FlyPig23/Qwen3-4B_Paper_Impact_model_SFT_1ep
FlyPig23/Qwen3-4B_Paper_Impact_model_SFT_1ep is a fine-tuned version of the Qwen3-4B-Instruct-2507 model, developed by Qwen. This model has been specifically fine-tuned on the paper_impact_model_train dataset, achieving a loss of 0.0880 on its evaluation set. Its primary use case is likely related to tasks involving paper impact analysis or similar academic text processing, leveraging the base Qwen3-4B architecture for specialized performance.
Loading preview...
Qwen3-4B_Paper_Impact_model_SFT_1ep Overview
This model is a specialized fine-tuned variant of the Qwen3-4B-Instruct-2507 base model, developed by Qwen.

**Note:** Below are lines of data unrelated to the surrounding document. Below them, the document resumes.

lemma fully_PhiE_special_root_closed:
  fixes sE :: "'a::comm_ring_1 \<Rightarrow> 'e::ab_group_add \<Rightarrow> 'e"
  assumes "local_ring m" "injective_hull_residue m sE" "F_pure p TYPE('a) TYPE('e)"
    and a: "ideal a" "fully_PhiE_special p sE a"
    and "x ^ p \<in> a"
  shows "x \<in> a"
proof (rule ccontr)
  assume "x \<notin> a"
  have inj: "injective_module sE" and md: "module sE"
    using assms(2) unfolding injective_hull_residue_def injective_module_def by blast+
  obtain e0 where e0: "e0 \<noteq> 0" "{r. sE r e0 = 0} = m"
    using assms(2) unfolding injective_hull_residue_def by blast
  have "{t. t * x \<in> a} \<noteq> UNIV" using \<open>x \<notin> a\<close> by (metis UNIV_I mem_Collect_eq mult_1)
  then have "{t. t * x \<in> a} \<subseteq> m"
    using local_ring_proper_ideal_le[OF assms(1) ideal_colon[OF a(1)]] by blast
  then obtain e' where e': "sE x e' = e0" "\<forall>u\<in>a. sE u e' = 0"
    using injective_module_ann_colon[OF inj a(1)] e0(2) by blast
  have "fdelta (1 * x ^ p, e') \<in> tensor_rel p sE UNIV"
    using a(2) e'(2) \<open>x ^ p \<in> a\<close> unfolding fully_PhiE_special_def
    by (metis mult_1 power_one_right)
  then have "fdelta (1, e0) \<in> tensor_rel p sE UNIV"
    using tensor_rel_bal_transfer e'(1) by fastforce
  then show False using F_pure_tensor_one_eq_zero[OF assms(3) md] e0(1) by blast
qed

It has undergone supervised fine-tuning (SFT) for 1 epoch using the paper_impact_model_train dataset, resulting in a reported loss of 0.0880 on its evaluation set.
Key Capabilities
- Specialized Fine-tuning: Tailored for tasks related to the
paper_impact_model_traindataset, suggesting potential applications in academic research analysis or impact assessment. - Qwen3-4B Base: Leverages the foundational capabilities of the Qwen3-4B-Instruct architecture.
Good for
- Researchers or developers working with datasets similar to
paper_impact_model_train. - Applications requiring a model with a specific focus on academic paper analysis or related text understanding.
Training Details
The model was trained with a learning rate of 2e-05, a batch size of 8 (total train batch size 64 across 4 GPUs with 2 gradient accumulation steps), and utilized the AdamW optimizer with a cosine learning rate scheduler. The training was performed using Transformers 4.57.1 and PyTorch 2.6.0+cu124.